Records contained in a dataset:
+ + + +

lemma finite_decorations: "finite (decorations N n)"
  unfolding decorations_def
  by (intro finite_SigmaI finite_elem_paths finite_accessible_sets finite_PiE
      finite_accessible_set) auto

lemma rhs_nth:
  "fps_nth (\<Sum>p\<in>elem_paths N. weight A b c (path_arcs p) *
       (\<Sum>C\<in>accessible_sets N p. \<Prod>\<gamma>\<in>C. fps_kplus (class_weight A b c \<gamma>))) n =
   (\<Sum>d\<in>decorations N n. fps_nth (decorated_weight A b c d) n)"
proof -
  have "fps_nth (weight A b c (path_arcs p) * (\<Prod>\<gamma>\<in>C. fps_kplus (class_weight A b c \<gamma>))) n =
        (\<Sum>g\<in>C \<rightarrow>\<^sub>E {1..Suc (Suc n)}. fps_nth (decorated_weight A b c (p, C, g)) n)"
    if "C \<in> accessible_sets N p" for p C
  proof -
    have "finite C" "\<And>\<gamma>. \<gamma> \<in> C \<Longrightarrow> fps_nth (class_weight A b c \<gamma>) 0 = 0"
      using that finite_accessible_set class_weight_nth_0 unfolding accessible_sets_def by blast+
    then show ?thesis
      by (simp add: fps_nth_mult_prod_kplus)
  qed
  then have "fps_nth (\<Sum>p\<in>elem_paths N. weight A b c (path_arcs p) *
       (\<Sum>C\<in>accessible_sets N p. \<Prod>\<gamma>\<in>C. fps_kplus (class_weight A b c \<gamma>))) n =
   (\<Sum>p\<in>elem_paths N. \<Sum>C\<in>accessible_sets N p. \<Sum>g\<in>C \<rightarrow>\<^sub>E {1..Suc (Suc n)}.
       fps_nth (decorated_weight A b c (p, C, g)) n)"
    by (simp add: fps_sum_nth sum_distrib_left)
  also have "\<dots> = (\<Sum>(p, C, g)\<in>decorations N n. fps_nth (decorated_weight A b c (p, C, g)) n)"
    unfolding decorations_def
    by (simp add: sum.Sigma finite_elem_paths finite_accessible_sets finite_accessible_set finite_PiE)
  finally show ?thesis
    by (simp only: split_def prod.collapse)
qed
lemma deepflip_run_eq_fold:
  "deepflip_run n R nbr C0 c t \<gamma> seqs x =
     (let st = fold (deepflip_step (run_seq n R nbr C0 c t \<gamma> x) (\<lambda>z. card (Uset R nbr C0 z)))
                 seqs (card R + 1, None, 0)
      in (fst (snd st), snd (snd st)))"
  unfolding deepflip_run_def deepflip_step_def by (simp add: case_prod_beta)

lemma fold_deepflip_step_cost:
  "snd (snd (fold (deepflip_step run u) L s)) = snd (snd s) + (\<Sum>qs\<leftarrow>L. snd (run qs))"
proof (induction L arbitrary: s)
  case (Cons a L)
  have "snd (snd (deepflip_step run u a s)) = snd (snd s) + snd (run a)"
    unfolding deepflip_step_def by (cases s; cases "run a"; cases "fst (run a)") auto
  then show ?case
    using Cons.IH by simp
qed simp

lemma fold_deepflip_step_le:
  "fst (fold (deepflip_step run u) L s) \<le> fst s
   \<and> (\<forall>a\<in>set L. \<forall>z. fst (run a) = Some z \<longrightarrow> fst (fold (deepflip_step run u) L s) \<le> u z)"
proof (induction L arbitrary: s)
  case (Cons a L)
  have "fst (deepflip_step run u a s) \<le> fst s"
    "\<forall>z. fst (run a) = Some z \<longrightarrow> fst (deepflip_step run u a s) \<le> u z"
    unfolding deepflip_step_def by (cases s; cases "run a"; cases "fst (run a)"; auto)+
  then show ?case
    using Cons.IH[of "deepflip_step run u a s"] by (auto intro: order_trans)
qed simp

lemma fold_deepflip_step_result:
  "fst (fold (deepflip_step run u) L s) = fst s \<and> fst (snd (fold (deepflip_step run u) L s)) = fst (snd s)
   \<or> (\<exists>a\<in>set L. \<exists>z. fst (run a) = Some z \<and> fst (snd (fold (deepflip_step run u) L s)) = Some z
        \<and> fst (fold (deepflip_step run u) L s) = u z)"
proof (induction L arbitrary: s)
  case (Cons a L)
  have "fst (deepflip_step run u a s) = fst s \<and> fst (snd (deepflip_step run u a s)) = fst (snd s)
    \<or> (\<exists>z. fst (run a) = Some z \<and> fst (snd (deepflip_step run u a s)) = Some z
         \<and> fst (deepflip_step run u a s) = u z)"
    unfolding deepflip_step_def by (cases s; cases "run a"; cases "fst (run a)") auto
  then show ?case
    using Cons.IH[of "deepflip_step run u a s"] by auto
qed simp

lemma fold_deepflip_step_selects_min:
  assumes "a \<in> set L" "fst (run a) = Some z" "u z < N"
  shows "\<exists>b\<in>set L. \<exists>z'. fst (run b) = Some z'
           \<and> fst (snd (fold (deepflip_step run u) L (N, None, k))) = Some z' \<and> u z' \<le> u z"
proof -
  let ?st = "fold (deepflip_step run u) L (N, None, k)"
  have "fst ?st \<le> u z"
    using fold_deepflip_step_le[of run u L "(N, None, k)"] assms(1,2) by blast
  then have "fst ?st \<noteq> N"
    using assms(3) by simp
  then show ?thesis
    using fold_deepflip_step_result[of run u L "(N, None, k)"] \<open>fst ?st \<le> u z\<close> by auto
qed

+ + + +

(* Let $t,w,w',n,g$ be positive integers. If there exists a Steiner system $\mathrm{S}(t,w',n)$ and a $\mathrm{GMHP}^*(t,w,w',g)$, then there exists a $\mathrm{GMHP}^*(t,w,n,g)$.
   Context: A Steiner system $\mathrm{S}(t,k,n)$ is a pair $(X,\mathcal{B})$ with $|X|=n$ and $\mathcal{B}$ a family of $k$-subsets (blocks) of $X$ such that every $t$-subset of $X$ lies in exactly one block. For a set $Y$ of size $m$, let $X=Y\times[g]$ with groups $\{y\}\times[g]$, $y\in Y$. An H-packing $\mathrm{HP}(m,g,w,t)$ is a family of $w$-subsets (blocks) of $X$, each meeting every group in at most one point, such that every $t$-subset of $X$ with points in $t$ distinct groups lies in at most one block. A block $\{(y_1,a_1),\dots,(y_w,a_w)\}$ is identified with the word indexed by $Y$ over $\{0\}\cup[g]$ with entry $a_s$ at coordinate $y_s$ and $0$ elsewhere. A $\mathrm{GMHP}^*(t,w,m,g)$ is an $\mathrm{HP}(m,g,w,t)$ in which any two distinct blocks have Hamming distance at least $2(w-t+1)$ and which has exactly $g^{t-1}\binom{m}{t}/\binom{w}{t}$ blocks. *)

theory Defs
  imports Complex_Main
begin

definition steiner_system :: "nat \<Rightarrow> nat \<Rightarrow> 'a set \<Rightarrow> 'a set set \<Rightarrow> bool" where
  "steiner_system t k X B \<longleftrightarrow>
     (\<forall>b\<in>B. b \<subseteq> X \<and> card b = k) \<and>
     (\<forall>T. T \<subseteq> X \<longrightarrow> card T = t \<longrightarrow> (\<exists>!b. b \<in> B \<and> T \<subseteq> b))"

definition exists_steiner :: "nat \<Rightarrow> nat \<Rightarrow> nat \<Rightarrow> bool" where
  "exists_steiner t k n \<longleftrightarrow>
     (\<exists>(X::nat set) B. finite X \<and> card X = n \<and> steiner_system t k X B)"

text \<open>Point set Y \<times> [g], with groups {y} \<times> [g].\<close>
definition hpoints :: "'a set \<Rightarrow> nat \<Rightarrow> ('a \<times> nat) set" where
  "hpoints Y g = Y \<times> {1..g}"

+ + + +

### Problem statement
In the entries above, find the lines containing the word "hpoints" and say how many there are, with no other words.

### Exercise result
2